Next, we recall some basic facts needed in the proof of Theorem 3.15. The first is the existence of partitions of unity.

Theorem 3.10.

Let $A$ be an arbitrary subset of $\mathbb{R}^{n}$, and let $\mathcal{O}=\{ U_{\alpha}\} _{{\alpha\in I}}$ be a collection of open sets in $\mathbb{R}^{n}$ that cover $A$. Then there exists a collection $\Psi=\{\psi _{\beta}\} _{{\beta\in J}}\subset C_{0}^{\infty}(\mathbb{R}^{n})$ such that

1. For every $\beta\in J$ and every $x\in\mathbb{R}^{n}$, we have $0\leq\psi _{\alpha}(x)\leq 1$.

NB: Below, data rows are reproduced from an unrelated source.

lemma convex_Int_inner_bound_separation:
  fixes C1 C2 :: "'a::euclidean_space set"
  assumes c1: "convex C1" and c2: "convex C2"
    and r1: "x0 \<in> rel_interior C1" and r2: "x0 \<in> rel_interior C2"
    and bound: "\<And>x. x \<in> C1 \<inter> C2 \<Longrightarrow> inner v x \<le> \<alpha>"
  obtains p q where "q < 0"
    and "\<And>x1 x2 t. x1 \<in> C1 \<Longrightarrow> x2 \<in> C2 \<Longrightarrow> \<alpha> < t \<Longrightarrow>
           0 \<le> inner p (x1 - x2) + q * (inner v x1 - t)"
proof -
  have x01: "x0 \<in> C1" and x02: "x0 \<in> C2" using r1 r2 rel_interior_subset by auto
  define f :: "('a \<times> 'a) \<times> real \<Rightarrow> 'a \<times> real"
    where "f z = (fst (fst z) - snd (fst z), inner v (fst (fst z)) - snd z)" for z
  define K where "K = f ` ((C1 \<times> C2) \<times> {\<alpha><..})"
  have "linear f"
    unfolding f_def by (auto intro!: linearI simp: algebra_simps)
  then have "convex K"
    unfolding K_def using c1 c2 by (intro convex_linear_image convex_Times) auto
  moreover have "K \<noteq> {}"
    unfolding K_def using x01 x02 by auto
  moreover have "0 \<notin> K"
    using bound by (force simp: K_def f_def zero_prod_def)
  ultimately obtain a b where aff: "a \<in> affine hull (insert 0 K)" and "a \<noteq> 0"
    and "0 \<le> b" and sep: "\<And>k. k \<in> K \<Longrightarrow> a \<bullet> k \<ge> b"
    using separating_hyperplane_set_point_inaff[of K 0] by auto
  obtain p q where a: "a = (p, q)" by fastforce
  have H: "0 \<le> inner p (x1 - x2) + q * (inner v x1 - t)"
    if "x1 \<in> C1" "x2 \<in> C2" "t > \<alpha>" for x1 x2 t
    using sep[of "f ((x1, x2), t)"] that \<open>0 \<le> b\<close> by (force simp: K_def f_def a)
  have "q \<le> 0"
  proof (rule ccontr)
    assume "\<not> q \<le> 0"
    moreover have "\<alpha> < \<bar>\<alpha>\<bar> + \<bar>inner v x0\<bar> + 1" "inner v x0 < \<bar>\<alpha>\<bar> + \<bar>inner v x0\<bar> + 1"
      by linarith+
    ultimately show False
      using H[OF x01 x02, of "\<bar>\<alpha>\<bar> + \<bar>inner v x0\<bar> + 1"] by (simp add: zero_le_mult_iff)
  qed
  moreover have "q \<noteq> 0"
  proof
    assume "q = 0"
    then have "inner p x2 \<le> inner p x1" if "x1 \<in> C1" "x2 \<in> C2" for x1 x2
      using H[OF that, of "\<alpha> + 1"] by (simp add: inner_diff_right)
    then have "inner p x1 = inner p x2" if "x1 \<in> C1" "x2 \<in> C2" for x1 x2
      by (rule convex_inner_eq_if_separating_rel_interior[OF c1 c2 r1 r2 _ that])
    then have "K \<subseteq> {z. a \<bullet> z = 0}"
      unfolding K_def f_def a \<open>q = 0\<close> by (auto simp: inner_diff_right)
    then have "affine hull (insert 0 K) \<subseteq> {z. a \<bullet> z = 0}"
      by (intro hull_minimal) (auto simp: affine_hyperplane)
    with aff \<open>a \<noteq> 0\<close> show False by auto
  qed
  ultimately show ?thesis
    by (intro that[OF _ H]) simp_all
qed
(* Let $\lambda_{\min}>0$ and define $$t^*=\min_{k=0,1,\dots,K}\frac{1-\lambda_{\min}\,\mathbf{G}_{k,:}\mathbf{C}^{-1}\mathbf{F}\mathbf{1}}{\mathbf{G}_{k,:}\mathbf{C}^{-1}\tilde{\mathbf{h}}}.$$ If $t^*\ge 0$, then $t^*$ is the optimal value of problem (P). If $t^*<0$, then (P) is infeasible (the network cannot support per-UE arrival rate $\lambda_{\min}$).
   Context: Consider a rooted tree whose root is the donor (vertex $0$), whose other internal vertices are IAB nodes $1,\dots,K$, and whose leaves are $M$ user equipments (UEs); vertices $0,\dots,K$ are called base stations (BSs), and every BS has at least one child. Every non-root vertex $v$ has a unique parent, and the edge from its parent to $v$ is indexed by $v$; let $\mathcal{E}$ be the set of edges. For each UE $m$, $\mathsf{R}(m)$ is the set of edges on the path from $0$ to $m$, and $h_m=|\mathsf{R}(m)|$. The routing matrix $\mathbf{F}\in\{0,1\}^{|\mathcal{E}|\times M}$ has $F_{v,m}=1$ iff $v\in\mathsf{R}(m)$. Let $\mathbf{C}=\mathrm{diag}(c_v)_{v\in\mathcal{E}}$ with all $c_v>0$. Let $\mathbf{G}\in\{0,1\}^{(K+1)\times|\mathcal{E}|}$ (rows indexed by BSs $0,\dots,K$) be a scheduling matrix in which every row and every column contains at least one $1$ (e.g. the half-duplex matrix $\mathbf{G}_{\mathrm{HD}}$ with $[\mathbf{G}_{\mathrm{HD}}]_{k,v}=1$ iff BS $k$ is the parent or the child of edge $v$, or the full-duplex matrix $\mathbf{G}_{\mathrm{FD}}$ with $[\mathbf{G}_{\mathrm{FD}}]_{k,v}=1$ iff BS $k$ is the parent of edge $v$). $\mathbf{G}_{k,:}$ denotes the row of $\mathbf{G}$ for BS $k$; $\mathbf{1}$ denotes the all-ones vector. The vector $\tilde{\mathbf{h}}\in\mathbb{R}^{|\mathcal{E}|}$ is defined by $\tilde h_v=\max\{h_m: v\in\mathsf{R}(m)\}$. Problem (P): maximize $t$ over $(t,\boldsymbol{\lambda},\boldsymbol{\mu})\in\mathbb{R}\times\mathbb{R}^M\times\mathbb{R}^{|\mathcal{E}|}$ subject to $\boldsymbol{\lambda}\ge\lambda_{\min}\mathbf{1}$, $\mathbf{0}\le\boldsymbol{\mu}\le\mathbf{1}$, $t\ge0$, $\mathbf{G}\boldsymbol{\mu}\le\mathbf{1}$ (all componentwise), and $c_v\mu_v-(\mathbf{F}\boldsymbol{\lambda})_v\ge t\,h_m$ for every UE $m$ and every edge $v\in\mathsf{R}(m)$. *)

theory Defs
  imports Main "HOL-Library.FuncSet" Complex_Main
begin

text \<open>Vertex labelling convention: BSs are 0..K (0 = donor), UEs are K+1..K+M.
  The tree is given by a parent map p; the edge from p v to v is indexed by v,
  so the edge set is {1..K+M}.\<close>

definition BSs :: "nat \<Rightarrow> nat set" where "BSs K = {0..K}"
definition UEs :: "nat \<Rightarrow> nat \<Rightarrow> nat set" where "UEs K M = {K+1..K+M}"
definition edges :: "nat \<Rightarrow> nat \<Rightarrow> nat set" where "edges K M = {1..K+M}"

definition is_IAB_tree :: "nat \<Rightarrow> nat \<Rightarrow> (nat \<Rightarrow> nat) \<Rightarrow> bool" where
  "is_IAB_tree K M p \<longleftrightarrow>
     (\<forall>v\<in>edges K M. p v \<in> BSs K) \<and>
     (\<forall>v\<in>{0..K+M}. \<exists>n. (p ^^ n) v = 0) \<and>
     (\<forall>k\<in>BSs K. \<exists>v\<in>edges K M. p v = k)"

definition hopdist :: "(nat \<Rightarrow> nat) \<Rightarrow> nat \<Rightarrow> nat" where
  "hopdist p m = (LEAST n. (p ^^ n) m = 0)"

definition route :: "(nat \<Rightarrow> nat) \<Rightarrow> nat \<Rightarrow> nat set" where
  "route p m = {(p ^^ i) m | i. i < hopdist p m}"

definition hcnt :: "(nat \<Rightarrow> nat) \<Rightarrow> nat \<Rightarrow> real" where
  "hcnt p m = real (card (route p m))"

definition Fmat :: "(nat \<Rightarrow> nat) \<Rightarrow> nat \<Rightarrow> nat \<Rightarrow> real" where
  "Fmat p v m = (if v \<in> route p m then 1 else 0)"

definition Fmul :: "nat \<Rightarrow> nat \<Rightarrow> (nat \<Rightarrow> nat) \<Rightarrow> (nat \<Rightarrow> real) \<Rightarrow> nat \<Rightarrow> real" where
  "Fmul K M p lam v = (\<Sum>m\<in>UEs K M. Fmat p v m * lam m)"

definition htilde :: "nat \<Rightarrow> nat \<Rightarrow> (nat \<Rightarrow> nat) \<Rightarrow> nat \<Rightarrow> real" where
  "htilde K M p v = Max {hcnt p m | m. m \<in> UEs K M \<and> v \<in> route p m}"

text \<open>Feasibility for problem (P); G k v is the (k,v) entry of the scheduling matrix,
  c v the diagonal entry of C.\<close>
definition feasibleP ::
  "nat \<Rightarrow> nat \<Rightarrow> (nat \<Rightarrow> nat) \<Rightarrow> (nat \<Rightarrow> real) \<Rightarrow> (nat \<Rightarrow> nat \<Rightarrow> real) \<Rightarrow> real
   \<Rightarrow> real \<Rightarrow> (nat \<Rightarrow> real) \<Rightarrow> (nat \<Rightarrow> real) \<Rightarrow> bool" where
  "feasibleP K M p c G lmin t lam mu \<longleftrightarrow>
     (\<forall>m\<in>UEs K M. lam m \<ge> lmin) \<and>
     (\<forall>v\<in>edges K M. 0 \<le> mu v \<and> mu v \<le> 1) \<and>
     t \<ge> 0 \<and>
     (\<forall>k\<in>BSs K. (\<Sum>v\<in>edges K M. G k v * mu v) \<le> 1) \<and>
     (\<forall>m\<in>UEs K M. \<forall>v\<in>route p m. c v * mu v - Fmul K M p lam v \<ge> t * hcnt p m)"

definition tstar ::
  "nat \<Rightarrow> nat \<Rightarrow> (nat \<Rightarrow> nat) \<Rightarrow> (nat \<Rightarrow> real) \<Rightarrow> (nat \<Rightarrow> nat \<Rightarrow> real) \<Rightarrow> real \<Rightarrow> real" where
  "tstar K M p c G lmin =
     Min ((\<lambda>k. (1 - lmin * (\<Sum>v\<in>edges K M. G k v * (1 / c v) * Fmul K M p (\<lambda>_. 1) v))
              / (\<Sum>v\<in>edges K M. G k v * (1 / c v) * htilde K M p v)) ` BSs K)"

end

theory Submission
  imports Defs
begin

text \<open>Every edge v lies on the route of some UE, and \<open>htilde v\<close> is the hop count of one of
  them, so the constraints of (P) at v amount to
  \<open>c v * mu v \<ge> (F lam) v + t * htilde v \<ge> lmin * (F 1) v + t * htilde v\<close>.
  Hence every feasible \<open>mu\<close> dominates the tight airtime \<open>C\<^sup>-\<^sup>1 (lmin F 1 + t htilde)\<close>,
  and row k of \<open>G mu \<le> 1\<close> bounds t by the k-th ratio in \<open>t*\<close>. Conversely, for \<open>t* \<ge> 0\<close>
  the rates \<open>lmin\<close> with the tight airtime at \<open>t*\<close> meet every row of \<open>G mu \<le> 1\<close>, and
  \<open>mu \<le> 1\<close> because every column of G contains a 1.\<close>

lemma hopdist_parent:
  assumes "(p ^^ n) x = 0" and "x \<noteq> 0"
  shows "hopdist p x = Suc (hopdist p (p x))"
  unfolding hopdist_def
  using Least_Suc[of "\<lambda>n. (p ^^ n) x = 0" n] assms by (simp add: funpow_swap1)

lemma route_eq_image: "route p x = (\<lambda>i. (p ^^ i) x) ` {..<hopdist p x}"
  unfolding route_def by auto

lemma finite_route: "finite (route p x)"
  unfolding route_eq_image by simp

lemma route_parent:
  assumes "(p ^^ n) x = 0" and "x \<noteq> 0"
  shows "route p x = insert x (route p (p x))"
proof -
  have "route p x = (\<lambda>i. (p ^^ i) x) ` {..<Suc (hopdist p (p x))}"
    unfolding hopdist_parent[OF assms, symmetric] route_eq_image ..
  also have "\<dots> = insert x (route p (p x))"
    unfolding route_eq_image lessThan_Suc_eq_insert_0 image_insert image_image
    by (simp add: funpow_Suc_right del: funpow.simps)
  finally show ?thesis .
qed

lemma route_root: "route p 0 = {}"
  unfolding route_def hopdist_def by simp

lemma tree_reaches_root:
  assumes "is_IAB_tree K M p" and "x \<le> K + M"
  shows "\<exists>n. (p ^^ n) x = 0"
  using assms unfolding is_IAB_tree_def by auto

lemma route_subset_edges:
  assumes tree: "is_IAB_tree K M p" and "x \<le> K + M"
  shows "route p x \<subseteq> edges K M"
  using assms(2)
proof (induction "hopdist p x" arbitrary: x rule: less_induct)
  case less
  show ?case
  proof (cases "x = 0")
    case True
    then show ?thesis by (simp add: route_root)
  next
    case False
    obtain n where n: "(p ^^ n) x = 0" using tree_reaches_root[OF tree less.prems] ..
    have x: "x \<in> edges K M" using False less.prems by (simp add: edges_def)
    then have "p x \<le> K + M" using tree by (auto simp: is_IAB_tree_def BSs_def)
    then have "route p (p x) \<subseteq> edges K M"
      using less.hyps hopdist_parent[OF n False] by simp
    with x show ?thesis using route_parent[OF n False] by simp
  qed
qed

lemma self_in_route:
  assumes tree: "is_IAB_tree K M p" and "x \<in> edges K M"
  shows "x \<in> route p x"
  using assms tree_reaches_root[OF tree, of x]
  by (auto simp: edges_def route_parent)

lemma one_le_hcnt:
  assumes tree: "is_IAB_tree K M p" and m: "m \<in> UEs K M"
  shows "1 \<le> hcnt p m"
proof -
  have "m \<in> edges K M" using m by (auto simp: UEs_def edges_def)
  then have "route p m \<noteq> {}" using self_in_route[OF tree] by blast
  then show ?thesis
    unfolding hcnt_def using finite_route[of p m] by (simp add: Suc_le_eq card_gt_0_iff)
qed

text \<open>A descendant of v of maximal depth cannot be a BS, since a child of a BS is one hop deeper.\<close>

lemma edge_on_route_of_UE:
  assumes tree: "is_IAB_tree K M p" and v: "v \<in> edges K M"
  shows "\<exists>m\<in>UEs K M. v \<in> route p m"
proof -
  define D where "D = {x \<in> edges K M. v \<in> route p x}"
  have "finite D" "v \<in> D"
    using v self_in_route[OF tree v] by (auto simp: D_def edges_def)
  then obtain w where w: "w \<in> D" and deepest: "\<And>x. x \<in> D \<Longrightarrow> hopdist p x \<le> hopdist p w"
    using Max_in[of "hopdist p ` D"] Max_ge[of "hopdist p ` D"] by fastforce
  have "w \<in> UEs K M"
  proof (rule ccontr)
    assume "w \<notin> UEs K M"
    then have "w \<in> BSs K" using w by (auto simp: D_def edges_def UEs_def BSs_def)
    then obtain x where x: "x \<in> edges K M" "p x = w"
      using tree unfolding is_IAB_tree_def by blast
    obtain n where n: "(p ^^ n) x = 0" using tree_reaches_root[OF tree] x by (auto simp: edges_def)
    have "x \<noteq> 0" using x by (simp add: edges_def)
    then have "x \<in> D" "hopdist p x = Suc (hopdist p w)"
      using x w route_parent[OF n] hopdist_parent[OF n] by (auto simp: D_def)
    with deepest show False by fastforce
  qed
  with w show ?thesis by (auto simp: D_def)
qed

lemma hcnt_le_htilde:
  assumes "m \<in> UEs K M" and "v \<in> route p m"
  shows "hcnt p m \<le> htilde K M p v"
proof -
  have "finite {hcnt p m | m. m \<in> UEs K M \<and> v \<in> route p m}"
    by (simp add: UEs_def)
  with assms show ?thesis unfolding htilde_def by (intro Max_ge) auto
qed

lemma htilde_attained:
  assumes tree: "is_IAB_tree K M p" and v: "v \<in> edges K M"
  shows "\<exists>m\<in>UEs K M. v \<in> route p m \<and> htilde K M p v = hcnt p m"
proof -
  let ?S = "{hcnt p m | m. m \<in> UEs K M \<and> v \<in> route p m}"
  have "finite ?S" by (simp add: UEs_def)
  moreover have "?S \<noteq> {}" using edge_on_route_of_UE[OF tree v] by blast
  ultimately have "Max ?S \<in> ?S" by (rule Max_in)
  then show ?thesis unfolding htilde_def by auto
qed

lemma one_le_htilde:
  assumes "is_IAB_tree K M p" and "v \<in> edges K M"
  shows "1 \<le> htilde K M p v"
  using htilde_attained[OF assms] one_le_hcnt[OF assms(1)] by fastforce

lemma Fmul_const: "Fmul K M p (\<lambda>_. a) v = a * Fmul K M p (\<lambda>_. 1) v"
  unfolding Fmul_def sum_distrib_left by (simp add: mult.commute)

lemma Fmul_ge_const:
  assumes "\<forall>m\<in>UEs K M. a \<le> lam m"
  shows "a * Fmul K M p (\<lambda>_. 1) v \<le> Fmul K M p lam v"
  unfolding Fmul_def sum_distrib_left using assms by (intro sum_mono) (auto simp: Fmat_def)

lemma Fmul_one_nonneg: "0 \<le> Fmul K M p (\<lambda>_. 1) v"
  unfolding Fmul_def by (intro sum_nonneg) (auto simp: Fmat_def)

2. If $K\subset\subset A$ then all but at most finitely many $\psi _{\beta}\in\Psi$ vanish identically on $K$.

3. For every $\beta\in J$ there exists $\alpha\in I$ such that $\supp\psi _{\beta}\subset U_{\alpha}$.

4. For every $x\in A$ we have $\displaystyle{\sum _{{\beta\in J}}\psi _{\beta}(x)=1}$ (note that the sum makes sense because of the local finiteness condition (3.10)).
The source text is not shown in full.